BART_MRB_bay <- multipleRingBuffer(st_union(BART_Stops_bay), 47520, 2640)

allTracts.rings_bay <-
  st_join(st_centroid(dplyr::select(allTracts_bay, GEOID, year)),
          BART_MRB_bay) %>%
  st_drop_geometry() %>%
  left_join(dplyr::select(allTracts_bay, GEOID, MedRent, year), 
            by=c("GEOID"="GEOID", "year"="year")) %>%
  st_sf() %>%
  mutate(distance = distance / 5280) #convert to miles

allTracts.rings.summary_bay <- st_drop_geometry(allTracts.rings_bay) %>%
    group_by(distance, year) %>%
    summarize(Mean_Rent = mean(MedRent, na.rm=T))
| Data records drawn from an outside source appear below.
(* Let $\lambda>1$, $A=\mathrm{diag}(1,\lambda)$, and $f(x)=\tfrac12 x^TAx$ on $\mathbb{R}^2$, with gradient $g(x)=Ax$. Consider the iteration $x_{k+1}=x_k-\alpha_kg_k$, $g_k=Ax_k$, where $x_1\in\mathbb{R}^2$, $x_2=x_1-\alpha_1g_1$ for some $\alpha_1>0$, and for $k\ge 2$ $$\alpha_k=\gamma_k\frac{s_{k-1}^Ts_{k-1}}{s_{k-1}^Ty_{k-1}}+(1-\gamma_k)\frac{s_{k-1}^Ty_{k-1}}{y_{k-1}^Ty_{k-1}},\qquad s_{k-1}=x_k-x_{k-1},\ y_{k-1}=g_k-g_{k-1},$$ with $\gamma_k\in(0,1)$ for all $k$. Assume $g_1^{(i)}\neq0$ and $g_2^{(i)}\ne0$ for $i=1,2$. Let $q_k=(g_k^{(1)})^2/(g_k^{(2)})^2$, $M_k=\log q_k$, let $\theta$ be a root of $\theta^2-\theta+2=0$, and $\xi_k=M_k+(\theta-1)M_{k-1}$. If $|\xi_2|>8\log\lambda$, then there exists $c_1>0$ such that $$|\xi_k|\ge(\sqrt2-1)\,2^{k/2}c_1\quad\text{for all }k\ge 2.$$
   Context: $g_k^{(i)}$ denotes the $i$-th component of $g_k$. Under these assumptions all $g_k^{(i)}$ remain nonzero, so $q_k$ and $M_k$ are well defined for all $k\ge1$; $\theta=\frac{1\pm\sqrt7\,i}{2}$ is complex and $|\cdot|$ is the complex modulus. *)

theory Defs
  imports "HOL-Analysis.Analysis"
begin

definition Adiag :: "real \<Rightarrow> real^2^2" where
  "Adiag lam = (\<chi> i j. if i = j then (if i = 1 then 1 else lam) else 0)"

definition qratio :: "real^2 \<Rightarrow> real" where
  "qratio g = (g $ 1)^2 / (g $ 2)^2"

definition Mlog :: "real^2 \<Rightarrow> real" where
  "Mlog g = ln (qratio g)"

end

theory Submission
  imports Defs
begin

text \<open>
  Each step multiplies the two gradient components by 1 - alpha_k and 1 - lam alpha_k, and
  alpha_k depends only on q_(k-1).  Factoring these two numbers shows
  M_(k+1) = M_k - 2 M_(k-1) + delta_k with |delta_k| \<le> 2 log lam.  As theta (theta - 1) = -2,
  this reads xi_(k+1) = theta xi_k + delta_k with |theta| = sqrt 2, hence
  |xi_(k+1)| \<ge> sqrt 2 |xi_k| - 2 log lam; once |xi_2| exceeds the fixed point
  2 log lam / (sqrt 2 - 1) of this affine bound, |xi_k| grows like 2^(k/2).
\<close>

lemma Adiag_mult_vec_nth:
  fixes v :: "real^2"
  shows "(Adiag lam *v v) $ 1 = v $ 1" "(Adiag lam *v v) $ 2 = lam * v $ 2"
  by (simp_all add: Adiag_def matrix_vector_mult_def sum_2)

lemma inner_vec2:
  fixes u v :: "real^2"
  shows "u \<bullet> v = u$1 * v$1 + u$2 * v$2"
  by (simp add: inner_vec_def sum_2)

text \<open>
  The step size alpha_k as a function of the previous gradient (a, b) = g_(k-1): since
  s_(k-1) = -alpha_(k-1) g_(k-1) and y_(k-1) = A s_(k-1), the scale alpha_(k-1) cancels in
  both Barzilai-Borwein quotients.
\<close>
definition convex_bb_step :: "real \<Rightarrow> real \<Rightarrow> real \<Rightarrow> real \<Rightarrow> real" where
  "convex_bb_step lam ga a b =
     ga * ((a^2+b^2)/(a^2+lam*b^2)) + (1-ga) * ((a^2+lam*b^2)/(a^2+lam^2*b^2))"

lemma convex_bb_step_factors:
  fixes a b lam ga al :: real
  assumes lam: "lam > 1" and a: "a \<noteq> 0" and b: "b \<noteq> 0" and ga: "0 < ga" "ga < 1"
    and al: "al = convex_bb_step lam ga a b"
  shows "al > 0" "1 - al \<noteq> 0" "1 - lam*al \<noteq> 0"
    and "\<exists>U V. 0 < V \<and> V < U \<and> U < lam * V
           \<and> 1 - al = (lam-1)*b^2*U \<and> 1 - lam*al = -((lam-1)*a^2*V)"
proof -
  define P where "P = a^2+lam*b^2"
  define Q where "Q = a^2+lam^2*b^2"
  have a2: "a^2 > 0" and b2: "b^2 > 0" using a b by simp_all
  have P: "P > 0" and Q: "Q > 0" unfolding P_def Q_def using a2 b2 lam by (simp_all add: add_pos_pos)
  have al': "al = ga * ((a^2+b^2)/P) + (1-ga) * (P/Q)" unfolding al convex_bb_step_def P_def Q_def ..
  show "al > 0" unfolding al' using P Q ga a2 b2
    by (intro add_pos_pos mult_pos_pos divide_pos_pos) auto
  define U where "U = ga/P + (1-ga)*lam/Q"
  define V where "V = ga/P + (1-ga)/Q"
  have V: "V > 0" unfolding V_def using P Q ga by (simp add: add_pos_pos)
  have UV: "V < U" unfolding U_def V_def using P Q ga lam by (simp add: divide_strict_right_mono)
  have UV': "U < lam * V" unfolding U_def V_def using P Q ga lam
    by (simp add: algebra_simps divide_strict_right_mono)
  have e1: "1 - al = (lam-1)*b^2*U"
  proof -
    have ratios: "(a^2+b^2)/P = 1 - (lam-1)*b^2/P" "P/Q = 1 - lam*(lam-1)*b^2/Q"
      using P Q unfolding P_def Q_def by (simp_all add: field_simps power2_eq_square)
    have "1 - al = ga * (1 - (a^2+b^2)/P) + (1-ga) * (1 - P/Q)"
      unfolding al' by (simp add: algebra_simps)
    also have "\<dots> = ga * ((lam-1)*b^2/P) + (1-ga) * (lam*(lam-1)*b^2/Q)"
      unfolding ratios by simp
    also have "\<dots> = (lam-1)*b^2*U" unfolding U_def using P Q by (simp add: field_simps)
    finally show ?thesis .
  qed
  have e2: "1 - lam*al = -((lam-1)*a^2*V)"
  proof -
    have ratios: "lam*((a^2+b^2)/P) = 1 + (lam-1)*a^2/P" "lam*(P/Q) = 1 + (lam-1)*a^2/Q"
      using P Q unfolding P_def Q_def by (simp_all add: field_simps power2_eq_square)
    have "1 - lam*al = ga * (1 - lam*((a^2+b^2)/P)) + (1-ga) * (1 - lam*(P/Q))"
      unfolding al' by (simp add: algebra_simps)
    also have "\<dots> = - (ga * ((lam-1)*a^2/P) + (1-ga) * ((lam-1)*a^2/Q))"
      unfolding ratios by (simp add: algebra_simps)
    also have "\<dots> = -((lam-1)*a^2*V)" unfolding V_def using P Q by (simp add: field_simps)
    finally show ?thesis .
  qed
  show "1 - al \<noteq> 0" "1 - lam*al \<noteq> 0" using lam a2 b2 V UV e1 e2 by simp_all
  show "\<exists>U V. 0 < V \<and> V < U \<and> U < lam * V
           \<and> 1 - al = (lam-1)*b^2*U \<and> 1 - lam*al = -((lam-1)*a^2*V)"
    using V UV UV' e1 e2 by blast
qed

lemma ln_sq_ratio_convex_bb_step:
  fixes a b c d lam ga al :: real
  assumes lam: "lam > 1" and a: "a \<noteq> 0" and b: "b \<noteq> 0" and c: "c \<noteq> 0" and d: "d \<noteq> 0"
    and ga: "0 < ga" "ga < 1"
    and al: "al = convex_bb_step lam ga a b"
  shows "\<bar>ln (((1-al)*c)^2/((1-lam*al)*d)^2) - ln (c^2/d^2) + 2 * ln (a^2/b^2)\<bar> \<le> 2 * ln lam"
proof -
  obtain U V where V: "0 < V" and UV: "V < U" "U < lam * V"
    and e1: "1 - al = (lam-1)*b^2*U" and e2: "1 - lam*al = -((lam-1)*a^2*V)"
    using convex_bb_step_factors(4)[OF lam a b ga al] by blast
  have U: "U > 0" using V UV by simp
  have "((t*b^2*U)*c)^2/((-(t*a^2*V))*d)^2 = (c^2/d^2) * ((U/V)^2 / (a^2/b^2)^2)" if "t \<noteq> 0" for t
    using that a b c d V by (simp add: field_simps)
  then have "((1-al)*c)^2/((1-lam*al)*d)^2 = (c^2/d^2) * ((U/V)^2 / (a^2/b^2)^2)"
    unfolding e1 e2 using lam by simp
  then have "ln (((1-al)*c)^2/((1-lam*al)*d)^2) - ln (c^2/d^2) + 2 * ln (a^2/b^2) = 2 * ln (U/V)"
    using a b c d U V by (simp add: ln_mult ln_div ln_realpow)
  moreover have "0 < ln (U/V)" "ln (U/V) < ln lam"
    using UV U V lam by (simp_all add: pos_divide_less_eq)
  ultimately show "\<bar>ln (((1-al)*c)^2/((1-lam*al)*d)^2) - ln (c^2/d^2) + 2 * ln (a^2/b^2)\<bar> \<le> 2 * ln lam"
    by simp
qed

locale convex_bb_iteration =
  fixes lam :: real and x g :: "nat \<Rightarrow> real^2" and alpha gamma :: "nat \<Rightarrow> real"
  assumes lam: "lam > 1"
    and grad: "\<And>k. k \<ge> 1 \<Longrightarrow> g k = Adiag lam *v x k"
    and iter: "\<And>k. k \<ge> 1 \<Longrightarrow> x (Suc k) = x k - alpha k *\<^sub>R g k"
    and alpha1: "alpha 1 > 0"
    and gamma: "\<And>k. k \<ge> 2 \<Longrightarrow> 0 < gamma k \<and> gamma k < 1"
    and alphak: "\<And>k. k \<ge> 2 \<Longrightarrow>
       alpha k = gamma k * (((x k - x (k-1)) \<bullet> (x k - x (k-1))) / ((x k - x (k-1)) \<bullet> (g k - g (k-1))))
               + (1 - gamma k) * (((x k - x (k-1)) \<bullet> (g k - g (k-1))) / ((g k - g (k-1)) \<bullet> (g k - g (k-1))))"
    and nz: "\<And>i. g 1 $ i \<noteq> 0" "\<And>i. g 2 $ i \<noteq> 0"
begin

lemma grad_Suc_nth:
  assumes "k \<ge> 1"
  shows "g (Suc k) $ 1 = (1 - alpha k) * g k $ 1" "g (Suc k) $ 2 = (1 - lam * alpha k) * g k $ 2"
proof -
  have "g k $ 1 = x k $ 1" "g (Suc k) $ 1 = x (Suc k) $ 1"
    "g k $ 2 = lam * x k $ 2" "g (Suc k) $ 2 = lam * x (Suc k) $ 2"
    using grad[OF assms] grad[of "Suc k"] assms by (simp_all add: Adiag_mult_vec_nth)
  then show "g (Suc k) $ 1 = (1 - alpha k) * g k $ 1" "g (Suc k) $ 2 = (1 - lam * alpha k) * g k $ 2"
    using iter[OF assms] by (simp_all add: algebra_simps)
qed

lemma alpha_eq_convex_bb_step:
  assumes k: "k \<ge> 2" and "alpha (k-1) \<noteq> 0"
  shows "alpha k = convex_bb_step lam (gamma k) (g (k-1) $ 1) (g (k-1) $ 2)"
proof -
  define a where "a = g (k-1) $ 1"
  define b where "b = g (k-1) $ 2"
  define be where "be = alpha (k-1)"
  have k1: "k - 1 \<ge> 1" and kk: "Suc (k-1) = k" using k by auto
  have s: "(x k - x (k-1)) $ 1 = - be * a" "(x k - x (k-1)) $ 2 = - be * b"
    using iter[OF k1] unfolding kk be_def a_def b_def by auto
  have y: "(g k - g (k-1)) $ 1 = - be * a" "(g k - g (k-1)) $ 2 = - be * lam * b"
    using grad_Suc_nth[OF k1] unfolding kk be_def a_def b_def by (auto simp: algebra_simps)
  have "alpha k = gamma k * ((be^2*(a^2+b^2))/(be^2*(a^2+lam*b^2)))
                + (1-gamma k) * ((be^2*(a^2+lam*b^2))/(be^2*(a^2+lam^2*b^2)))"
    unfolding alphak[OF k] inner_vec2 s y by (simp add: algebra_simps power2_eq_square)
  then show ?thesis using assms(2) unfolding convex_bb_step_def a_def b_def be_def by simp
qed

lemma grad_nth_nonzero_alpha_pos:
  assumes "k \<ge> 2"
  shows "g (k-1) $ 1 \<noteq> 0 \<and> g (k-1) $ 2 \<noteq> 0 \<and> g k $ 1 \<noteq> 0 \<and> g k $ 2 \<noteq> 0 \<and> alpha (k-1) > 0"
  using assms
proof (induction k rule: dec_induct)
  case base
  then show ?case using nz alpha1 by simp
next
  case (step k)
  note al = alpha_eq_convex_bb_step[OF step(1)]
  have "k \<ge> 1" and ga: "0 < gamma k" "gamma k < 1" using step(1) gamma[OF step(1)] by auto
  then show ?case
    using step(3) convex_bb_step_factors(1-3)[OF lam _ _ ga al]
    by (simp add: grad_Suc_nth)
qed

lemma Mlog_recurrence:
  assumes k: "k \<ge> 2"
  shows "\<bar>Mlog (g (Suc k)) - Mlog (g k) + 2 * Mlog (g (k-1))\<bar> \<le> 2 * ln lam"
proof -
  note nonzero = grad_nth_nonzero_alpha_pos[OF k]
  have "k \<ge> 1" and ga: "0 < gamma k" "gamma k < 1" using k gamma[OF k] by auto
  then show ?thesis
    using ln_sq_ratio_convex_bb_step[OF lam _ _ _ _ ga alpha_eq_convex_bb_step[OF k]] nonzero
    unfolding Mlog_def qratio_def by (simp add: grad_Suc_nth)
qed

end

lemma cmod_root_eq_sqrt2:
  fixes theta :: complex
  assumes theta: "theta^2 - theta + 2 = 0"
  shows "cmod theta = sqrt 2"
proof -
  have re: "(Re theta)^2 - (Im theta)^2 - Re theta + 2 = 0"
    and im: "Im theta * (2 * Re theta - 1) = 0"
    using arg_cong[OF theta, of Re] arg_cong[OF theta, of Im]
    by (simp_all add: power2_eq_square algebra_simps)
  have "Im theta \<noteq> 0"
  proof
    assume "Im theta = 0"
    with re have "(Re theta - 1/2)^2 + 7/4 = 0" by (simp add: power2_eq_square algebra_simps)
    moreover have "(Re theta - 1/2)^2 + 7/4 > 0" by (simp add: add_nonneg_pos)
    ultimately show False by simp
  qed
  with im have re_half: "Re theta = 1/2" by simp
  have "(Im theta)^2 = 7/4" using re[unfolded re_half] by (simp add: power2_eq_square)
  then have "(cmod theta)^2 = 2" unfolding cmod_power2 re_half by (simp add: power2_eq_square)
  then show ?thesis by (metis norm_ge_zero real_sqrt_unique)
qed

lemma cmod_xi_step:
  fixes theta :: complex and a b c :: real
  assumes theta: "theta^2 - theta + 2 = 0"
  shows "cmod (of_real c + (theta - 1) * of_real b)
           \<ge> sqrt 2 * cmod (of_real b + (theta - 1) * of_real a) - \<bar>c - b + 2 * a\<bar>"
proof -
  have "theta * (theta - 1) = -2" using theta by (simp add: algebra_simps power2_eq_square)
  then have "theta * (of_real b + (theta - 1) * of_real a) = theta * of_real b - 2 * of_real a"
    by (simp add: distrib_left mult.assoc[symmetric])
  then have xi: "of_real c + (theta - 1) * of_real b
        = theta * (of_real b + (theta - 1) * of_real a) + of_real (c - b + 2 * a)"
    by (simp add: algebra_simps)
  show ?thesis
    using norm_diff_ineq[of "theta * (of_real b + (theta - 1) * of_real a)" "of_real (c - b + 2 * a)"]
    unfolding xi norm_mult norm_of_real cmod_root_eq_sqrt2[OF theta] .
qed

lemma affine_recurrence_lower_bound:
  fixes e :: "nat \<Rightarrow> real"
  assumes r: "r > 1" and rec: "\<And>k. k \<ge> n \<Longrightarrow> e (Suc k) \<ge> r * e k - c" and "k \<ge> n"
  shows "e k - c / (r - 1) \<ge> r ^ (k - n) * (e n - c / (r - 1))"
  using \<open>k \<ge> n\<close>
proof (induction k rule: dec_induct)
  case base
  then show ?case by simp
next
  case (step k)
  have "r ^ (Suc k - n) * (e n - c / (r - 1)) = r * (r ^ (k - n) * (e n - c / (r - 1)))"
    using step(1) by (simp add: Suc_diff_le)
  also have "\<dots> \<le> r * (e k - c / (r - 1))" using step(3) r by simp
  also have "\<dots> = r * e k - c - c / (r - 1)" using r by (simp add: field_simps)
  also have "\<dots> \<le> e (Suc k) - c / (r - 1)" using rec[OF step(1)] by simp
  finally show ?case .
qed

lemma two_powr_half_eq:
  assumes "k \<ge> 2"
  shows "2 powr (real k / 2) = 2 * sqrt 2 ^ (k - 2)"
proof -
  have "2 powr (real k / 2) = sqrt 2 ^ k"
    by (simp add: powr_half_sqrt_powr powr_realpow real_sqrt_power)
  also have "\<dots> = sqrt 2 ^ 2 * sqrt 2 ^ (k - 2)"
    using assms by (simp only: power_add[symmetric] le_add_diff_inverse)
  finally show ?thesis by simp
qed

theorem lemma1:
  fixes lam :: real and x g :: "nat \<Rightarrow> real^2" and alpha gamma :: "nat \<Rightarrow> real"
    and theta :: complex
  assumes lam: "lam > 1"
    and grad: "\<And>k. k \<ge> 1 \<Longrightarrow> g k = Adiag lam *v x k"
    and iter: "\<And>k. k \<ge> 1 \<Longrightarrow> x (Suc k) = x k - alpha k *\<^sub>R g k"
    and alpha1: "alpha 1 > 0"
    and gamma: "\<And>k. k \<ge> 2 \<Longrightarrow> 0 < gamma k \<and> gamma k < 1"
    and alphak: "\<And>k. k \<ge> 2 \<Longrightarrow>
       alpha k = gamma k * (((x k - x (k-1)) \<bullet> (x k - x (k-1))) / ((x k - x (k-1)) \<bullet> (g k - g (k-1))))
               + (1 - gamma k) * (((x k - x (k-1)) \<bullet> (g k - g (k-1))) / ((g k - g (k-1)) \<bullet> (g k - g (k-1))))"
    and nz: "\<And>i. g 1 $ i \<noteq> 0" "\<And>i. g 2 $ i \<noteq> 0"
    and theta: "theta^2 - theta + 2 = 0"
    and xi2: "cmod (complex_of_real (Mlog (g 2)) + (theta - 1) * complex_of_real (Mlog (g 1))) > 8 * ln lam"
  shows "\<exists>c1>0. \<forall>k\<ge>2. cmod (complex_of_real (Mlog (g k)) + (theta - 1) * complex_of_real (Mlog (g (k-1))))
                         \<ge> (sqrt 2 - 1) * 2 powr (real k / 2) * c1"
proof -
  interpret convex_bb_iteration lam x g alpha gamma
    using assms by unfold_locales auto
  define e where "e k = cmod (of_real (Mlog (g k)) + (theta - 1) * of_real (Mlog (g (k-1))))" for k
  define F where "F = 2 * ln lam / (sqrt 2 - 1)"
  have rec: "e (Suc k) \<ge> sqrt 2 * e k - 2 * ln lam" if "k \<ge> 2" for k
    using cmod_xi_step[OF theta, where a = "Mlog (g (k-1))" and b = "Mlog (g k)" and c = "Mlog (g (Suc k))"]
      Mlog_recurrence[OF that] unfolding e_def by simp
  have s2: "5/4 \<le> sqrt 2" by (rule real_le_rsqrt) (simp add: power2_eq_square)
  then have "0 \<le> F" "F \<le> 8 * ln lam" unfolding F_def using lam by (simp_all add: pos_divide_le_eq)
  with xi2 have F: "0 \<le> F" "F < e 2" unfolding e_def by simp_all
  have grow: "sqrt 2 ^ (k - 2) * (e 2 - F) \<le> e k - F" if "k \<ge> 2" for k
    using affine_recurrence_lower_bound[of "sqrt 2" 2 e "2 * ln lam", OF _ rec that] s2
    unfolding F_def by simp
  show ?thesis
  proof (intro exI conjI allI impI)
    show "(e 2 - F) / (2 * (sqrt 2 - 1)) > 0" using F s2 by simp
    fix k :: nat assume k: "k \<ge> 2"
    have "(sqrt 2 - 1) * 2 powr (real k / 2) * ((e 2 - F) / (2 * (sqrt 2 - 1)))
          = sqrt 2 ^ (k - 2) * (e 2 - F)"
      using two_powr_half_eq[OF k] s2 by (simp add: field_simps)
    also have "\<dots> \<le> e k" using grow[OF k] F by simp
    finally show "(sqrt 2 - 1) * 2 powr (real k / 2) * ((e 2 - F) / (2 * (sqrt 2 - 1)))
        \<le> cmod (of_real (Mlog (g k)) + (theta - 1) * of_real (Mlog (g (k - 1))))"
      unfolding e_def .
  qed
qed

end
bay_lines <- ggplot(allTracts.rings.summary_bay,
       aes(distance, Mean_Rent, colour=year)) +
      geom_point(size=3) + 
  geom_line(size=2)+
  scale_x_continuous(limits = c(0, 10))+
  scale_y_continuous(limits = c(0, 2100))+
  xlab("Distance (mi)")+
  ylab("Mean Rent ($)")+
  gg_figure_caption(
      caption = "Mean Rent as a function of distance to BART stop (Bay Area)",
  )



grid.arrange(sf_lines, bay_lines)

4 Conclusion

In San Francisco and the broader Bay Area, the availability of public transportation seems to coincide with regions characterized by greater population density and more affordable housing options. Given the significant housing challenges faced in this area, emphasizing density and affordability becomes a top priority. This study does not propose that TOD is a particularly lucrative approach for developers; instead, it recommends that the city should encourage TOD by offering tax incentives and direct financial support to developers who choose to pursue it.